Le 11 avril 2025, Max Romeo tire sa révérence à l’âge de 80 ans. Hospitalisé depuis trois jours à Saint Andrew Parish, il souffrait de complications cardiaques et respiratoires. Il s’est éteint entouré des siens, dans la paix.

Cette nouvelle bouleverse les fans du monde entier. Un grand-père du reggae, un sage, un guide vient de nous quitter.

🌍 Une onde d’émotion planétaire

Dès l’annonce de sa mort, les hommages affluent : médias jamaïcains, artistes internationaux, scènes indépendantes et majors… tous saluent une légende.

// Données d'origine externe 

(* Let $n\in\mathbb{N}$ and $m=(n-1)^2+1$. Let $G$ be a finite group of order $mn$ and $H$ a normal subgroup of $G$ of order $n$. Suppose $D$ is an $(mn,(n-1)^2+n,n)$-difference set in $G$ with $H\subseteq D$, and let $R=D\setminus H$. Then (i) $R$ is an $(m,n,m-1,n-2)$-relative difference set in $G$ relative to $H$; (ii) the family $\{hR: h\in H\}$ is an $(n[(n-1)^2+1],n,(n-1)^2,n(n-2),0)$-DPDF and an $(n[(n-1)^2+1],n,(n-1)^2,n(n-1)(n-2),n(n-1)^2)$-EPDF in $G$.
   Context: Groups are written multiplicatively with identity $e$; $G^*=G\setminus\{e\}$; $hR=\{hr:r\in R\}$. For $D\subseteq G$, $\Delta(D)$ is the multiset $\{xy^{-1}: x,y\in D, x\ne y\}$; for $D_1,D_2\subseteq G$, $\Delta(D_1,D_2)$ is the multiset $\{xy^{-1}:x\in D_1,y\in D_2\}$. A $(v,k,\lambda)$-difference set in a group of order $v$ is a $k$-subset $D$ such that $\Delta(D)$ contains each element of $G^*$ exactly $\lambda$ times. If $|G|=mn$ and $H$ is a normal subgroup of order $n$, a $k$-subset $R$ is an $(m,n,k,\lambda)$-relative difference set relative to $H$ if $\Delta(R)$ contains each element of $G\setminus H$ exactly $\lambda$ times and no element of $H\setminus\{e\}$. For a family $A=\{A_1,\dots,A_s\}$ of pairwise disjoint subsets, ${\rm Int}(A)=\bigcup_i\Delta(A_i)$ and ${\rm Ext}(A)=\bigcup_{i\ne j}\Delta(A_i,A_j)$ (multiset unions). For $|G|=v$, a $(v,s,k,\lambda,\mu)$-DPDF is a family of $s$ pairwise disjoint $k$-subsets of $G^*$ with union $S$ such that ${\rm Int}(A)$ contains each element of $S$ exactly $\lambda$ times and each element of $G\setminus(S\cup\{e\})$ exactly $\mu$ times; a $(v,s,k,\lambda,\mu)$-EPDF is defined the same way using ${\rm Ext}(A)$. *)

theory Defs
  imports "HOL-Algebra.Algebra" "HOL-Library.Multiset"
begin

definition diff_mset :: "('a, 'b) monoid_scheme \<Rightarrow> 'a set \<Rightarrow> 'a multiset" where
  "diff_mset G D = image_mset (\<lambda>(x, y). x \<otimes>\<^bsub>G\<^esub> inv\<^bsub>G\<^esub> y)
      (mset_set {(x, y). x \<in> D \<and> y \<in> D \<and> x \<noteq> y})"

definition diff2_mset :: "('a, 'b) monoid_scheme \<Rightarrow> 'a set \<Rightarrow> 'a set \<Rightarrow> 'a multiset" where
  "diff2_mset G D1 D2 = image_mset (\<lambda>(x, y). x \<otimes>\<^bsub>G\<^esub> inv\<^bsub>G\<^esub> y) (mset_set (D1 \<times> D2))"

definition difference_set ::
  "('a, 'b) monoid_scheme \<Rightarrow> nat \<Rightarrow> nat \<Rightarrow> nat \<Rightarrow> 'a set \<Rightarrow> bool" where
  "difference_set G v k lam D \<longleftrightarrow>
     order G = v \<and> D \<subseteq> carrier G \<and> card D = k \<and>
     (\<forall>g \<in> carrier G - {\<one>\<^bsub>G\<^esub>}. count (diff_mset G D) g = lam)"

definition relative_difference_set ::
  "('a, 'b) monoid_scheme \<Rightarrow> nat \<Rightarrow> nat \<Rightarrow> nat \<Rightarrow> nat \<Rightarrow> 'a set \<Rightarrow> 'a set \<Rightarrow> bool" where
  "relative_difference_set G m n k lam H R \<longleftrightarrow>
     order G = m * n \<and> H \<lhd> G \<and> card H = n \<and>
     R \<subseteq> carrier G \<and> card R = k \<and>
     (\<forall>g \<in> carrier G - H. count (diff_mset G R) g = lam) \<and>
     (\<forall>g \<in> H - {\<one>\<^bsub>G\<^esub>}. count (diff_mset G R) g = 0)"

definition disjoint_family_ksub ::
  "('a, 'b) monoid_scheme \<Rightarrow> nat \<Rightarrow> nat \<Rightarrow> 'i set \<Rightarrow> ('i \<Rightarrow> 'a set) \<Rightarrow> bool" where
  "disjoint_family_ksub G s k I A \<longleftrightarrow>
     finite I \<and> card I = s \<and>
     (\<forall>i \<in> I. A i \<subseteq> carrier G - {\<one>\<^bsub>G\<^esub>} \<and> card (A i) = k) \<and>
     (\<forall>i \<in> I. \<forall>j \<in> I. i \<noteq> j \<longrightarrow> A i \<inter> A j = {})"

definition Int_mset :: "('a, 'b) monoid_scheme \<Rightarrow> 'i set \<Rightarrow> ('i \<Rightarrow> 'a set) \<Rightarrow> 'a multiset" where
  "Int_mset G I A = (\<Sum>i \<in> I. diff_mset G (A i))"

definition Ext_mset :: "('a, 'b) monoid_scheme \<Rightarrow> 'i set \<Rightarrow> ('i \<Rightarrow> 'a set) \<Rightarrow> 'a multiset" where
  "Ext_mset G I A = (\<Sum>i \<in> I. \<Sum>j \<in> I - {i}. diff2_mset G (A i) (A j))"

definition DPDF ::
  "('a, 'b) monoid_scheme \<Rightarrow> nat \<Rightarrow> nat \<Rightarrow> nat \<Rightarrow> nat \<Rightarrow> nat \<Rightarrow> 'i set \<Rightarrow> ('i \<Rightarrow> 'a set) \<Rightarrow> bool" where
  "DPDF G v s k lam mu I A \<longleftrightarrow>
     order G = v \<and> disjoint_family_ksub G s k I A \<and>
     (\<forall>g \<in> (\<Union>i\<in>I. A i). count (Int_mset G I A) g = lam) \<and>
     (\<forall>g \<in> carrier G - ((\<Union>i\<in>I. A i) \<union> {\<one>\<^bsub>G\<^esub>}). count (Int_mset G I A) g = mu)"

definition EPDF ::
  "('a, 'b) monoid_scheme \<Rightarrow> nat \<Rightarrow> nat \<Rightarrow> nat \<Rightarrow> nat \<Rightarrow> nat \<Rightarrow> 'i set \<Rightarrow> ('i \<Rightarrow> 'a set) \<Rightarrow> bool" where
  "EPDF G v s k lam mu I A \<longleftrightarrow>
     order G = v \<and> disjoint_family_ksub G s k I A \<and>
     (\<forall>g \<in> (\<Union>i\<in>I. A i). count (Ext_mset G I A) g = lam) \<and>
     (\<forall>g \<in> carrier G - ((\<Union>i\<in>I. A i) \<union> {\<one>\<^bsub>G\<^esub>}). count (Ext_mset G I A) g = mu)"

end

theory Submission
  imports Defs
begin

text \<open>For 1 \<noteq> g \<in> H the subgroup H alone already supplies n = \<lambda>
  representations g = x y^-1 with x, y \<in> D, so R has no differences in H: its (n - 1)^2 = m - 1
  elements lie in distinct nontrivial cosets of H, i.e. R is a transversal of these cosets.
  Hence every g \<notin> H has exactly one representation in each of H R^-1 and R H^-1 and none
  in H H^-1, which leaves n - 2 in R R^-1. The translates h R (h \<in> H) partition G - H;
  conjugation by h preserves H, so each translate has the same internal differences as R, and the
  external differences are what remains of the differences of G - H, which are counted directly.\<close>

section \<open>Counting differences\<close>

text \<open>The ASCII multiset notation <# would clash with left cosets.\<close>
no_notation (ASCII) subset_mset (infix \<open><#\<close> 50)

lemma count_image_mset_mset_set:
  "finite A \<Longrightarrow> count (image_mset f (mset_set A)) x = card {a \<in> A. f a = x}"
  by (auto simp: count_image_mset vimage_def intro!: arg_cong[where f = card])

text \<open>The number of pairs (x, y) \<in> A \<times> B with x y^-1 = g; such a pair is determined by y,
  as x = g y.\<close>
definition diff_count :: "('a, 'b) monoid_scheme \<Rightarrow> 'a set \<Rightarrow> 'a set \<Rightarrow> 'a \<Rightarrow> nat" where
  "diff_count G A B g = card {y \<in> B. g \<otimes>\<^bsub>G\<^esub> y \<in> A}"
lemma residual_fixpoint_p_low:
  assumes "0 < r" "0 \<le> X" "X < real K"
  shows "residual_fixpoint (low_residual r K X) (p_low r K X)"
proof -
  let ?a = "unmatched_short X" and ?b = "unmatched_long X" and ?m = "low_list_length K X"
  have ab: "0 \<le> ?a" "0 \<le> ?b" "?a + ?b \<le> 1"
    using unmatched_short_nonneg_long_pos[OF assms(2)] high_residual_p_high_le_one[OF assms(2)]
    by (simp_all add: unmatched_sum)
  have "\<exists>!p. residual_fixpoint (low_residual r K X) p"
  proof (rule residual_fixpoint_ex1[where c = "real (Suc ?m) / r"])
    show "continuous_on {0<..1} (low_residual r K X)"
      unfolding low_residual_def matched_mass_def using assms(1) by (intro continuous_intros) auto
    show "1 - low_residual r K X p \<le> real (Suc ?m) / r * p" if "0 < p" "p \<le> 1" for p
      using matched_mass_le[OF ab, of p ?m] that assms(1)
      by (simp add: low_residual_def divide_right_mono)
    show "low_residual r K X q \<le> low_residual r K X p" if "0 < p" "p \<le> q" "q \<le> 1" for p q
      using low_residual_antimono[OF assms(1,2)] that by simp
    show "low_residual r K X p < 1" if "0 < p" "p \<le> 1" for p
      using low_residual_less_one[OF assms(1,2)] that by simp
    show "0 \<le> real (Suc ?m) / r" using assms(1) by simp
  qed
  then show ?thesis
    unfolding p_low_def low_fp_iff[OF assms(1) strat_k_less[OF assms(2,3)]] by (rule theI')
qed

lemma unmatched_short_mono:
  assumes "0 \<le> X" "X < Y" "strat_k X = strat_k Y"
  shows "unmatched_short X \<le> unmatched_short Y"
proof (cases "X = 0")
  case True
  then show ?thesis
    using unmatched_short_nonneg_long_pos[of Y] assms by (simp add: unmatched_short_def strat_zero)
next
  case False
  then have "0 < X" using assms by simp
  have "strat_x X \<le> strat_x Y" "0 \<le> strat_x X"
    using strat_decomp[OF assms(1)] strat_decomp[of Y] assms by auto
  moreover have "0 \<le> 1 - p_high X"
    using residual_fixpoint_p_high[OF \<open>0 < X\<close>] by (simp add: residual_fixpoint_def)
  moreover have "(1 - p_high X) ^ (strat_k X + 1) \<le> (1 - p_high Y) ^ (strat_k Y + 1)"
    unfolding assms(3) using p_high_strict_antimono[OF \<open>0 < X\<close> assms(2)] calculation(3)
    by (intro power_mono) auto
  ultimately show ?thesis unfolding unmatched_short_def by (intro mult_mono) auto
qed

text \<open>Fewer high doctors reach the low tier, and those who do have no longer low lists.\<close>

lemma low_residual_strict_mono_strategy:
  assumes "0 < r" "0 \<le> X" "X < Y" "Y < real K" "0 < p" "p \<le> 1"
  shows "low_residual r K X p < low_residual r K Y p"
proof -
  have "0 \<le> Y" using assms by linarith
  note X = unmatched_short_nonneg_long_pos[OF assms(2)]
  note Y = unmatched_short_nonneg_long_pos[OF \<open>0 \<le> Y\<close>]
  have sum: "unmatched_short Y + unmatched_long Y < unmatched_short X + unmatched_long X"
    using high_residual_p_high_strict_antimono[OF assms(2,3)] by (simp add: unmatched_sum)
  have "strat_k X \<le> strat_k Y" using strat_k_mono assms by simp
  have "strat_k Y < K" using strat_k_less[OF \<open>0 \<le> Y\<close> assms(4)] .
  have "matched_mass (unmatched_short Y) (unmatched_long Y) (low_list_length K Y) p
      < matched_mass (unmatched_short X) (unmatched_long X) (low_list_length K X) p"
  proof (cases "strat_k X = strat_k Y")
    case True
    then show ?thesis
      using matched_mass_strict_less_same_length[OF unmatched_short_mono[OF assms(2,3)] sum assms(5,6)]
      by (simp add: low_list_length_def)
  next
    case False
    then have "Suc (low_list_length K Y) \<le> low_list_length K X"
      using \<open>strat_k X \<le> strat_k Y\<close> \<open>strat_k Y < K\<close> by (simp add: low_list_length_def)
    then show ?thesis using matched_mass_strict_less_longer[OF _ _ _ sum assms(5,6)] X Y by simp
  qed
  then show ?thesis using assms(1) by (simp add: low_residual_def divide_strict_right_mono)
qed

lemma p_low_strict_mono:
  assumes "0 < r" "0 \<le> X" "X < Y" "Y < real K"
  shows "p_low r K X < p_low r K Y"
proof (rule residual_fixpoint_less[where \<rho> = "low_residual r K Y" and \<sigma> = "low_residual r K X"])
  have "0 \<le> Y" "X < real K" using assms by linarith+
  show fpY: "residual_fixpoint (low_residual r K Y) (p_low r K Y)"
    using residual_fixpoint_p_low[OF assms(1) \<open>0 \<le> Y\<close> assms(4)] .
  show "residual_fixpoint (low_residual r K X) (p_low r K X)"
    using residual_fixpoint_p_low[OF assms(1,2) \<open>X < real K\<close>] .
  then show "low_residual r K X (p_low r K X) < 1"
    using low_residual_less_one[OF assms(1,2)] by (simp add: residual_fixpoint_def)
  show "low_residual r K Y (p_low r K Y) < 1"
    using fpY low_residual_less_one[OF assms(1) \<open>0 \<le> Y\<close>] by (simp add: residual_fixpoint_def)
  show "low_residual r K X (p_low r K Y) < low_residual r K Y (p_low r K Y)"
    using fpY low_residual_strict_mono_strategy[OF assms] by (simp add: residual_fixpoint_def)
  show "low_residual r K X q \<le> low_residual r K X p" if "0 < p" "p \<le> q" "q \<le> 1" for p q
    using low_residual_antimono[OF assms(1,2)] that by simp
qed

theorem claim1:
  fixes r :: real and K :: nat
  assumes "r > 0"
  shows "(\<forall>X1 X2. 0 < X1 \<and> X1 < X2 \<and> X2 \<le> real K \<longrightarrow> p_high X2 < p_high X1)
       \<and> (\<forall>X1 X2. 0 \<le> X1 \<and> X1 < X2 \<and> X2 < real K \<longrightarrow> p_low r K X1 < p_low r K X2)"
  using p_high_strict_antimono p_low_strict_mono[OF assms] by blast

end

Les festivals comme No Logo, Dub Camp ou Rototom Sunsplash lui dédient des sets spéciaux. Des radios reggae diffusent en boucle ses titres cultes. Sur les réseaux, les hommages s’enchaînent, sincères, chargés d’émotion.

En France, en Jamaïque, en Afrique, au Japon… Max Romeo laisse une trace profonde et universelle, bien au-delà du reggae.

🎶🌿 Un Héritage Toujours Vivant

💽 Une discographie riche et consciente

Max Romeo, c’est plus de 20 albums studio : Revelation Time, Holding Out My Love To You, Selassie I Forever, World of Ghouls… et bien sûr le mythique War Ina Babylon.

Il a chanté l’amour, la révolte, la foi, l’injustice… avec une cohérence rare. Son œuvre est une bibliothèque du reggae conscient, un trésor pour les amateurs de lyrics profonds et de riddims racés.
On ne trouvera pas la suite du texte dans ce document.